**Provided records**
• • •

section \<open>One step of the method\<close>

text \<open>The error after one step: the two projections remove the components of d = x - x_k along
  a_s and along the unit vector v orthogonal to a_s in span{a_r, a_s}.\<close>
lemma step_error:
  fixes A :: "real^'n^'m" and x xk :: "real^'n"
  assumes std: "standardized A" and mu: "\<bar>(A $ r) \<bullet> (A $ s)\<bar> < 1" and bx: "b = A *v x"
  shows "(norm (x - tsk_step A b xk (r, s)))^2 = (norm (x - xk))^2 - ((A $ s) \<bullet> (x - xk))^2
     - ((A $ r) \<bullet> (x - xk) - ((A $ r) \<bullet> (A $ s)) * ((A $ s) \<bullet> (x - xk)))^2 / (1 - ((A $ r) \<bullet> (A $ s))^2)"
proof -
  define a c where "a = A $ r" and "c = A $ s"
  define \<mu> d where "\<mu> = a \<bullet> c" and "d = x - xk"
  define w sq where "w = c \<bullet> d" and "sq = sqrt (1 - \<mu>^2)"
  define v where "v = (1 / sq) *\<^sub>R (a - \<mu> *\<^sub>R c)"
  define y where "y = xk + (b $ s - xk \<bullet> c) *\<^sub>R c"
  define z where "z = x - y"
  have ca: "c \<bullet> c = 1" "a \<bullet> a = 1" using row_inner_self[OF std] unfolding a_def c_def by auto
  have mu2: "\<mu>^2 < 1" using mu unfolding \<mu>_def a_def c_def by (simp add: abs_square_less_1)
  have sqp: "sq > 0" and sq2: "sq^2 = 1 - \<mu>^2" using mu2 unfolding sq_def by auto
  have bs: "b $ s = c \<bullet> x" "b $ r = a \<bullet> x" using bx by (simp_all add: matrix_vector_mult_row a_def c_def)
  have "tsk_step A b xk (r, s) = y + ((b $ r - b $ s * \<mu>) / sq - y \<bullet> v) *\<^sub>R v"
    unfolding tsk_step_def Let_def y_def v_def sq_def \<mu>_def a_def c_def by simp
  also have "(b $ r - b $ s * \<mu>) / sq = x \<bullet> v" unfolding v_def bs
    by (simp add: inner_diff_right inner_commute divide_simps)
  finally have proj: "x - tsk_step A b xk (r, s) = z - (z \<bullet> v) *\<^sub>R v"
    unfolding z_def by (simp add: inner_diff_left algebra_simps)
  have z: "z = d - w *\<^sub>R c" unfolding z_def y_def d_def w_def bs
    by (simp add: algebra_simps inner_diff_right inner_commute)
  have "v \<bullet> v = (1 / sq)^2 * ((a - \<mu> *\<^sub>R c) \<bullet> (a - \<mu> *\<^sub>R c))"
    unfolding v_def by (simp add: power2_eq_square)
  also have "(a - \<mu> *\<^sub>R c) \<bullet> (a - \<mu> *\<^sub>R c) = 1 - \<mu>^2"
    using ca unfolding \<mu>_def by (simp add: inner_diff_left inner_diff_right inner_commute power2_eq_square)
  finally have vv: "v \<bullet> v = 1" using sq2 sqp mu2 by (simp add: power_divide)
  have zz: "z \<bullet> z = d \<bullet> d - w^2"
    unfolding z using ca unfolding w_def
    by (simp add: inner_diff_left inner_diff_right inner_commute power2_eq_square)
  have zv: "z \<bullet> v = (a \<bullet> d - \<mu> * w) / sq"
    unfolding z v_def using ca unfolding w_def \<mu>_def
    by (simp add: inner_diff_left inner_diff_right inner_commute algebra_simps divide_simps)
  have "(norm (x - tsk_step A b xk (r, s)))^2 = z \<bullet> z - (z \<bullet> v)^2"
    unfolding proj power2_norm_eq_inner using vv
    by (simp add: inner_diff_left inner_diff_right inner_commute power2_eq_square)
  also have "\<dots> = d \<bullet> d - w^2 - (a \<bullet> d - \<mu> * w)^2 / (1 - \<mu>^2)"
    unfolding zz zv using sq2 by (simp add: power_divide)
  finally show ?thesis unfolding a_def c_def \<mu>_def d_def w_def power2_norm_eq_inner
    by (simp add: inner_commute)
qed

• • •

**Exercise instructions**
Each record is to be repeated exactly.

**Response to this task**
section \<open>One step of the method\<close>

text \<open>The error after one step: the two projections remove the components of d = x - x_k along
  a_s and along the unit vector v orthogonal to a_s in span{a_r, a_s}.\<close>
lemma step_error:
  fixes A :: "real^'n^'m" and x xk :: "real^'n"
  assumes std: "standardized A" and mu: "\<bar>(A $ r) \<bullet> (A $ s)\<bar> < 1" and bx: "b = A *v x"
  shows "(norm (x - tsk_step A b xk (r, s)))^2 = (norm (x - xk))^2 - ((A $ s) \<bullet> (x - xk))^2
     - ((A $ r) \<bullet> (x - xk) - ((A $ r) \<bullet> (A $ s)) * ((A $ s) \<bullet> (x - xk)))^2 / (1 - ((A $ r) \<bullet> (A $ s))^2)"
proof -
  define a c where "a = A $ r" and "c = A $ s"
  define \<mu> d where "\<mu> = a \<bullet> c" and "d = x - xk"
  define w sq where "w = c \<bullet> d" and "sq = sqrt (1 - \<mu>^2)"
  define v where "v = (1 / sq) *\<^sub>R (a - \<mu> *\<^sub>R c)"
  define y where "y = xk + (b $ s - xk \<bullet> c) *\<^sub>R c"
  define z where "z = x - y"
  have ca: "c \<bullet> c = 1" "a \<bullet> a = 1" using row_inner_self[OF std] unfolding a_def c_def by auto
  have mu2: "\<mu>^2 < 1" using mu unfolding \<mu>_def a_def c_def by (simp add: abs_square_less_1)
  have sqp: "sq > 0" and sq2: "sq^2 = 1 - \<mu>^2" using mu2 unfolding sq_def by auto
  have bs: "b $ s = c \<bullet> x" "b $ r = a \<bullet> x" using bx by (simp_all add: matrix_vector_mult_row a_def c_def)
  have "tsk_step A b xk (r, s) = y + ((b $ r - b $ s * \<mu>) / sq - y \<bullet> v) *\<^sub>R v"
    unfolding tsk_step_def Let_def y_def v_def sq_def \<mu>_def a_def c_def by simp
  also have "(b $ r - b $ s * \<mu>) / sq = x \<bullet> v" unfolding v_def bs
    by (simp add: inner_diff_right inner_commute divide_simps)
  finally have proj: "x - tsk_step A b xk (r, s) = z - (z \<bullet> v) *\<^sub>R v"
    unfolding z_def by (simp add: inner_diff_left algebra_simps)
  have z: "z = d - w *\<^sub>R c" unfolding z_def y_def d_def w_def bs
    by (simp add: algebra_simps inner_diff_right inner_commute)
  have "v \<bullet> v = (1 / sq)^2 * ((a - \<mu> *\<^sub>R c) \<bullet> (a - \<mu> *\<^sub>R c))"
    unfolding v_def by (simp add: power2_eq_square)
  also have "(a - \<mu> *\<^sub>R c) \<bullet> (a - \<mu> *\<^sub>R c) = 1 - \<mu>^2"
    using ca unfolding \<mu>_def by (simp add: inner_diff_left inner_diff_right inner_commute power2_eq_square)
  finally have vv: "v \<bullet> v = 1" using sq2 sqp mu2 by (simp add: power_divide)
  have zz: "z \<bullet> z = d \<bullet> d - w^2"
    unfolding z using ca unfolding w_def
    by (simp add: inner_diff_left inner_diff_right inner_commute power2_eq_square)
  have zv: "z \<bullet> v = (a \<bullet> d - \<mu> * w) / sq"
    unfolding z v_def using ca unfolding w_def \<mu>_def
    by (simp add: inner_diff_left inner_diff_right inner_commute algebra_simps divide_simps)
  have "(norm (x - tsk_step A b xk (r, s)))^2 = z \<bullet> z - (z \<bullet> v)^2"
    unfolding proj power2_norm_eq_inner using vv
    by (simp add: inner_diff_left inner_diff_right inner_commute power2_eq_square)
  also have "\<dots> = d \<bullet> d - w^2 - (a \<bullet> d - \<mu> * w)^2 / (1 - \<mu>^2)"
    unfolding zz zv using sq2 by (simp add: power_divide)
  finally show ?thesis unfolding a_def c_def \<mu>_def d_def w_def power2_norm_eq_inner
    by (simp add: inner_commute)
qed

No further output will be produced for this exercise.